La rencontre avec Eli transforme Oskar, la réalisation de l’état de vampire de la jeune fille fait de lui quelqu’un d’autre : « Je n’existe pas et personne ne peut me faire quoi que ce soit. » Le garçon perd passé et avenir ; il ne lui reste que le présent, tout comme Eli qui a 12 ans « depuis longtemps ». Jusqu’à la décision finale qui clôt le roman. Sa crainte envers Eli ne porte d’ailleurs pas sur elle en tant que prédatrice, mais sur le fait qu’elle puisse le repousser. Il est déjà conquis, victime consentante, adjuvant éternel.

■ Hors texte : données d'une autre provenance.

lemma ascending_hamiltonian_path:
  fixes R :: "'a \<Rightarrow> 'a \<Rightarrow> bool" and r :: "'a \<Rightarrow> real"
  assumes card: "card V = 4" and D: "D \<in> V"
    and out: "\<And>x. x \<in> V - {D} \<Longrightarrow> \<exists>y\<in>V. R x y"
    and incr: "\<And>x y. R x y \<Longrightarrow> r x < r y"
    and no_hub: "\<And>M. M \<in> V \<Longrightarrow> \<exists>p\<in>V - {M}. \<not> R p M \<and> \<not> R M p"
  obtains a b c d where "V = {a,b,c,d}" "distinct [a,b,c,d]" "R a b" "R b c" "R c d \<or> R d c"
proof -
  have "card (V - {D}) = 3" using card D by simp
  then obtain x1 x2 x3 where x: "V - {D} = {x1,x2,x3}" "distinct [x1,x2,x3]"
    and r_order: "r x1 \<le> r x2" "r x2 \<le> r x3"
    by (rule sorted_three)
  have V: "V = {x1,x2,x3,D}" using x(1) D by auto
  have distinct_vs: "distinct [x1,x2,x3,D]" using x by auto
  have succ: "\<exists>y\<in>V. R x y \<and> r x < r y" if "x \<in> {x1,x2,x3}" for x
    using out[of x] that x(1) incr by auto
  have R3: "R x3 D" using succ[of x3] V r_order by auto
  have R2: "R x2 x3 \<or> R x2 D" using succ[of x2] V r_order by auto
  have R1: "R x1 x2 \<or> R x1 x3 \<or> R x1 D" using succ[of x1] V by auto
  show ?thesis
    using R2
  proof
    assume R23: "R x2 x3"
    have "\<not> R x1 x3" using no_hub[of x3] V R3 R23 by auto
    then show ?thesis
      using R1
    proof (elim disjE)
      assume "R x1 x2" then show ?thesis using that[of x1 x2 x3 D] V distinct_vs R23 R3 by blast
    next
      assume "R x1 D" then show ?thesis using that[of x2 x3 D x1] V distinct_vs R23 R3 by auto
    qed simp
  next
    assume R2D: "R x2 D"
    have "\<not> R x1 D" using no_hub[of D] V R3 R2D by auto
    then show ?thesis
      using R1
    proof (elim disjE)
      assume "R x1 x2" then show ?thesis using that[of x1 x2 D x3] V distinct_vs R2D R3 by auto
    next
      assume "R x1 x3" then show ?thesis using that[of x1 x3 D x2] V distinct_vs R2D R3 by auto
    qed simp
  qed
qed

lemma mono_unstable_ascending_path:
  fixes z :: "real^3"
  assumes indep: "\<not> affine_dependent V" and card: "card V = 4"
    and z: "z \<in> interior (convex hull V)" and mono: "mono_unstable (convex hull V) z"
  obtains a b c d where "V = {a,b,c,d}" "distinct [a,b,c,d]"
    "ascending z a b" "ascending z b c" "ascending z c d \<or> ascending z d c"
proof -
  obtain D where D: "D \<in> V"
    and unique: "\<And>v. v \<in> V \<Longrightarrow> equilibrium_on (convex hull V) z {v} \<Longrightarrow> v = D"
    using mono unfolding mono_unstable_def vertices_of_simplex[OF indep] by metis
  have off_center: "v \<noteq> z" if "v \<in> V" for v
    using vertex_notin_interior[OF indep that] z by blast
  show ?thesis
  proof (rule ascending_hamiltonian_path[OF card D])
    show "\<exists>y\<in>V. ascending z x y" if x: "x \<in> V - {D}" for x
    proof (rule ccontr)
      assume "\<not> (\<exists>y\<in>V. ascending z x y)"
      then have "equilibrium_on (convex hull V) z {x}"
        using x off_center by (intro not_ascending_vertex_equilibrium) auto
      then show False using unique x by blast
    qed
    show "dist z x < dist z y" if "ascending z x y" for x y
      using that by (rule ascending_imp_dist_less)
    show "\<exists>p\<in>V - {M}. \<not> ascending z p M \<and> \<not> ascending z M p" if M: "M \<in> V" for M
    proof -
      have "card (V - {M}) = 3" using card M by simp
      then obtain p1 p2 p3 where p: "V - {M} = {p1,p2,p3}" "distinct [p1,p2,p3]"
        unfolding card_3_iff by auto
      have V: "V = {M,p1,p2,p3}" using p(1) M by auto
      have "distinct [M,p1,p2,p3]" using p by auto
      then obtain wM w1 w2 w3 where "0 < wM" "0 < w1" "0 < w2" "0 < w3"
        "wM *\<^sub>R (M - z) + w1 *\<^sub>R (p1 - z) + w2 *\<^sub>R (p2 - z) + w3 *\<^sub>R (p3 - z) = 0"
        using tetrahedron_interior_weights[of M p1 p2 p3 z] indep z V by metis
      then have "\<not> (0 < gram z M p1 \<and> 0 < gram z M p2 \<and> 0 < gram z M p3)"
        using balance_not_all_acute off_center M by blast
      then show ?thesis
        using ascending_edge_gram_pos p(1) by blast
    qed
  qed (rule that)
qed

lemma acute_path_face_equilibrium:
  fixes a b c d z :: "real^3"
  assumes indep: "\<not> affine_dependent {a,b,c,d}" and distinct_vs: "distinct [a,b,c,d]"
    and z: "z \<in> interior (convex hull {a,b,c,d})"
    and acute: "0 < gram z a b" "0 < gram z b c" "0 < gram z c d"
  shows "equilibrium_on (convex hull {a,b,c,d}) z (convex hull {a,b,d})"
proof -
  obtain wa wb wc wd where w: "0 < wa" "0 < wb" "0 < wc" "0 < wd"
    and bal: "wa *\<^sub>R (a - z) + wb *\<^sub>R (b - z) + wc *\<^sub>R (c - z) + wd *\<^sub>R (d - z) = 0"
    using tetrahedron_interior_weights[OF indep distinct_vs z] by metis
  have off_center: "a \<noteq> z" "b \<noteq> z" "c \<noteq> z" "d \<noteq> z"
    using vertex_notin_interior[OF indep] z by blast+
  have eq: "{a,b,d,c} = {a,b,c,d}" by auto
  have "\<not> affine_dependent {a,b,d,c}" "distinct [a,b,d,c]" "z \<in> interior (convex hull {a,b,d,c})"
    using indep distinct_vs z unfolding eq by auto
  from proj_weights_face_equilibrium[OF this] acute_path_proj_weights_pos[OF bal w off_center acute]
  show ?thesis unfolding eq by blast
qed

lemma ascending_path_face_equilibria:
  fixes a b c d z :: "real^3"
  assumes indep: "\<not> affine_dependent {a,b,c,d}" and distinct_vs: "distinct [a,b,c,d]"
    and z: "z \<in> interior (convex hull {a,b,c,d})"
    and ab: "ascending z a b" and bc: "ascending z b c" and cd: "ascending z c d \<or> ascending z d c"
  shows "{F \<in> faces_of (convex hull {a,b,c,d}). equilibrium_on (convex hull {a,b,c,d}) z F}
    = {convex hull {a,b,d}, convex hull {a,c,d}}"
proof -
  let ?T = "convex hull {a,b,c,d}"
  have "{a,b,c,d} - {a} = {b,c,d}" "{a,b,c,d} - {b} = {a,c,d}" "{a,b,c,d} - {c} = {a,b,d}"
    "{a,b,c,d} - {d} = {a,b,c}" using distinct_vs by auto
  then have faces: "faces_of ?T = {convex hull {b,c,d}, convex hull {a,c,d}, convex hull {a,b,d},
      convex hull {a,b,c}}"
    using faces_of_tetrahedron[OF indep] distinct_vs by simp
  have acute: "0 < gram z a b" "0 < gram z b c" "0 < gram z c d"
    using ab bc cd ascending_edge_gram_pos by blast+
  have abd: "equilibrium_on ?T z (convex hull {a,b,d})"
    by (rule acute_path_face_equilibrium[OF indep distinct_vs z acute])
  \<comment> \<open>the reversed path d c b a yields the face a c d\<close>
  have rev: "{d,c,b,a} = {a,b,c,d}" "{d,c,a} = {a,c,d}" by auto
  have "0 < gram z d c" "0 < gram z c b" "0 < gram z b a"
    using acute by (simp_all add: gram_sym[of z d c] gram_sym[of z c b] gram_sym[of z b a])
  moreover have "\<not> affine_dependent {d,c,b,a}" "distinct [d,c,b,a]"
    "z \<in> interior (convex hull {d,c,b,a})"
    using indep distinct_vs z unfolding rev by auto
  ultimately have acd: "equilibrium_on ?T z (convex hull {a,c,d})"
    using acute_path_face_equilibrium[of d c b a z] unfolding rev by blast
  have "{a,b,c,d} \<subseteq> ?T" by (rule hull_subset)
  then have sub: "{a,b,c} \<subseteq> ?T" "{b,c,d} \<subseteq> ?T" by auto
  have "z \<in> ?T" using z by (rule interior_subset[THEN subsetD])
  have indep3: "\<not> affine_dependent {a,b,c}" "\<not> affine_dependent {b,c,d}"
    using affine_independent_subset[OF indep] by auto
  have abc: "\<not> equilibrium_on ?T z (convex hull {a,b,c})"
    using two_ascending_edges_no_equilibrium[OF indep3(1) sub(1) \<open>z \<in> ?T\<close>] ab bc by blast
  have bcd: "\<not> equilibrium_on ?T z (convex hull {b,c,d})"
    using two_ascending_edges_no_equilibrium[OF indep3(2) sub(2) \<open>z \<in> ?T\<close>] bc cd by blast
  show ?thesis
    unfolding faces using abd acd abc bcd by auto
qed

theorem corollary1p9:
  fixes T :: "(real^3) set" and c :: "real^3"
  assumes "is_tetrahedron T"
    and "c \<in> interior T"
    and "mono_unstable T c"
  shows "card {F \<in> faces_of T. equilibrium_on T c F} = 2"
proof -
  obtain V where V: "card V = 4" "\<not> affine_dependent V" "T = convex hull V"
    using assms(1) unfolding is_tetrahedron_def by blast
  obtain p q r s where pqrs: "V = {p,q,r,s}" "distinct [p,q,r,s]"
    "ascending c p q" "ascending c q r" "ascending c r s \<or> ascending c s r"
    using mono_unstable_ascending_path[OF V(2,1)] assms(2,3) V(3) by metis
  have "{F \<in> faces_of T. equilibrium_on T c F} = {convex hull {p,q,s}, convex hull {p,r,s}}"
    using ascending_path_face_equilibria[OF _ pqrs(2) _ pqrs(3-5)] V(2,3) assms(2)
    unfolding pqrs(1) by blast
  moreover have "convex hull {p,q,s} \<noteq> convex hull {p,r,s}"
    using convex_hull_simplex_subsets_eq_iff[OF V(2), of "{p,q,s}" "{p,r,s}"] pqrs(1,2)
    by auto
  ultimately show ?thesis by simp
qed

end
lemma image_p_square_coset:
  assumes hom: "group_hom G H h" and surj: "h ` carrier G = carrier H"
  shows "p_square_coset H p (h ` A) (h a) (h c)"
proof (intro p_square_coset.intro p_square_coset_axioms.intro)
  interpret h: group_hom G H h
    by (rule hom)
  show "normal_p_square_set H p (h ` A)"
    by (rule image_normal_p_square_set[OF hom surj])
  show "h a \<in> carrier H" "h c \<in> carrier H"
    using a_carrier c_carrier by simp_all
  show "h a \<otimes>\<^bsub>H\<^esub> h c = h c \<otimes>\<^bsub>H\<^esub> h a"
    using a_carrier c_carrier a_c_commute by (simp flip: h.hom_mult)
  show "h a [^]\<^bsub>H\<^esub> p = \<one>\<^bsub>H\<^esub>" "h c [^]\<^bsub>H\<^esub> p = \<one>\<^bsub>H\<^esub>"
    using a_carrier c_carrier a_pow_p c_pow_p by (simp_all flip: h.hom_nat_pow)
  fix m :: nat
  have "h a \<otimes>\<^bsub>H\<^esub> h c [^]\<^bsub>H\<^esub> m = h (a \<otimes> c [^] m)"
    using a_carrier c_carrier by (simp flip: h.hom_nat_pow)
  then show "h a \<otimes>\<^bsub>H\<^esub> h c [^]\<^bsub>H\<^esub> m \<in> h ` A"
    using coset_subset[of m] by simp
qed

end

section \<open>Orbit products in abelian normal subgroups\<close>

locale abelian_normal_subgroup = group G for G (structure) +
  fixes V :: "'a set"
  assumes V_normal: "V \<lhd> G"
    and V_commute: "u \<in> V \<Longrightarrow> v \<in> V \<Longrightarrow> u \<otimes> v = v \<otimes> u"
begin

lemma V_subgroup: "subgroup V G"
  using V_normal by (rule normal_imp_subgroup)

lemma V_carrier: "v \<in> V \<Longrightarrow> v \<in> carrier G"
  using subgroup.mem_carrier[OF V_subgroup] .

sublocale V: comm_group "G\<lparr>carrier := V\<rparr>"
  by (rule group.group_comm_groupI[OF subgroup.subgroup_is_group[OF V_subgroup is_group]])
    (simp add: V_commute)
lemma sum_choose_card_eq_sum_card_supersets:
  assumes "finite P" "finite X" "\<And>p. p \<in> P \<Longrightarrow> F p \<subseteq> X"
  shows "(\<Sum>p\<in>P. card (F p) choose t) = (\<Sum>T\<in>{T. T \<subseteq> X \<and> card T = t}. card {p \<in> P. T \<subseteq> F p})"
proof -
  let ?Ts = "{T. T \<subseteq> X \<and> card T = t}"
  have fin_Ts: "finite ?Ts" using assms(2) by (simp add: finite_subset)
  have "card (F p) choose t = (\<Sum>T\<in>?Ts. if T \<subseteq> F p then 1 else 0)" if "p \<in> P" for p
  proof -
    have "{T \<in> ?Ts. T \<subseteq> F p} = {T. T \<subseteq> F p \<and> card T = t}" using assms(3)[OF that] by auto
    then show ?thesis
      using n_subsets[of "F p" t] finite_subset[OF assms(3)[OF that] assms(2)] fin_Ts
      by (simp add: sum.inter_filter[symmetric])
  qed
  then have "(\<Sum>p\<in>P. card (F p) choose t) = (\<Sum>p\<in>P. \<Sum>T\<in>?Ts. if T \<subseteq> F p then 1 else 0)"
    by (rule sum.cong[OF refl])
  also have "\<dots> = (\<Sum>T\<in>?Ts. \<Sum>p\<in>P. if T \<subseteq> F p then 1 else 0)" by (rule sum.swap)
  also have "\<dots> = (\<Sum>T\<in>?Ts. card {p \<in> P. T \<subseteq> F p})"
    using assms(1) by (simp add: sum.inter_filter[symmetric])
  finally show ?thesis .
qed

lemma exists_ge_of_sum_ge:
  fixes f :: "'a \<Rightarrow> real"
  assumes "finite A" "A \<noteq> {}" "real (card A) * c \<le> (\<Sum>x\<in>A. f x)"
  shows "\<exists>x\<in>A. c \<le> f x"
proof (rule ccontr)
  assume "\<not> ?thesis"
  then have "(\<Sum>x\<in>A. f x) < (\<Sum>x\<in>A. c)" using assms(1,2) by (intro sum_strict_mono) (auto simp: not_le)
  then show False using assms(3) by simp
qed
(* Let $(S_n,X_n)_{n\ge0}$ be an alternating non-homogeneous semi-Markov process with $S_0=1$, $X_0=0$, semi-Markov kernels $G_Y,G_Z$, with $X_n\to\infty$ almost surely, cycle-counting process $N(t)$ and renewal function $M$. Define the age and excess with respect to the $Y$-phase by $$A(t)=(t-X_{2N(t)})\,\mathbf 1\{X_{2N(t)+1}>t\},\qquad B(t)=(X_{2N(t)+1}-t)\,\mathbf 1\{X_{2N(t)+1}>t\}.$$ Then for all $t\ge0$, $0\le x\le t$ and $z\ge0$, $$\mathbb P(A(t)\le x,B(t)\le z)=G_Y(0,t)-\int_{t-x}^{t}[1-G_Y(s,t+z-s)]\,dM(s)-\int_0^{t-x}[1-G_Y(s,t-s)]\,dM(s)+\mathbf 1\{x=t\}\,[G_Y(0,t+z)-G_Y(0,t)].$$
   Context: Let $(S_n,X_n)_{n\ge0}$ be random variables on a probability space with $S_n\in\{0,1\}$, $0=X_0\le X_1\le X_2\le\cdots$, $S_0=1$, and alternating states: $S_n=1$ for even $n$ and $S_n=0$ for odd $n$. Write $T_{n+1}=X_{n+1}-X_n$. The process is called an alternating non-homogeneous semi-Markov process with semi-Markov kernels $G_Y,G_Z$ if for every $n\ge 0$ the conditional distribution of $T_{n+1}$ given $(S_0,X_0),\dots,(S_n,X_n)$ depends only on $(S_n,X_n)$ (and not on $n$), with $\mathbb P(T_{n+1}\le \tau\mid S_n=1,X_n=x)=G_Y(x,\tau)$ and $\mathbb P(T_{n+1}\le\tau\mid S_n=0,X_n=x)=G_Z(x,\tau)$ for all $x,\tau\ge 0$; here for each $x\ge0$, $G_Y(x,\cdot)$ and $G_Z(x,\cdot)$ are distribution functions on $[0,\infty)$, jointly measurable in $(x,\tau)$, absolutely continuous with densities $g_Y(x,\cdot)$, $g_Z(x,\cdot)$. Periods in state $1$ are $Y$-phases and periods in state $0$ are $Z$-phases. The cycle-counting process is $N(t)=\sup\{n\in\mathbb N_0: X_{2n}\le t\}$ and the renewal function is $M(t)=\mathbb E N(t)=\sum_{n=1}^\infty \mathbb P(X_{2n}\le t)$, $t\ge0$; integrals $dM(s)$ are Lebesgue–Stieltjes integrals with respect to $M$. *)

theory Defs
  imports "HOL-Probability.Probability"
begin

text \<open>sigma-algebra generated by X_0, ..., X_n (the history up to step n; the states
  S_k are deterministic, S_k = 1 iff k even, so they generate nothing extra).\<close>
definition history :: "'a measure \<Rightarrow> (nat \<Rightarrow> 'a \<Rightarrow> real) \<Rightarrow> nat \<Rightarrow> 'a measure" where
  "history P X n = sigma (space P) {X i -` B \<inter> space P | i B. i \<le> n \<and> B \<in> sets borel}"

La dimension divine, quasi christique d’Eli est renforcée par le diminutif de son prénom : lorsque Håkan s’arrange pour ne pas être (trop vite) reconnu, il crie « Eli, Eli » comme Jésus sur la croix…

Ce roman a été adapté à deux reprises au cinéma, en Suède en 2008 et sous forme de remake américain (sous le titre Let Me In) deux ans plus tard. Le réseau TNT a apparemment commandé un pilote pour une série adaptée du roman, avant de jeter l’éponge. Le film suédois est extrêmement fidèle au roman, dont il a intelligemment élagué les parties les moins utiles pour en garder la substantifique moelle. Particulièrement intéressante pour le lecteur cinéphile, la traduction sur grand écran de la scène de la piscine vaut son pesant de plaquettes.

Signalons au passage que John Ajvide Lindqvist est aussi l’auteur de la nouvelle “Gräns” dont a été tiré le film primé à Cannes (Un Certain Regard) Border, d’Ali Abbasi.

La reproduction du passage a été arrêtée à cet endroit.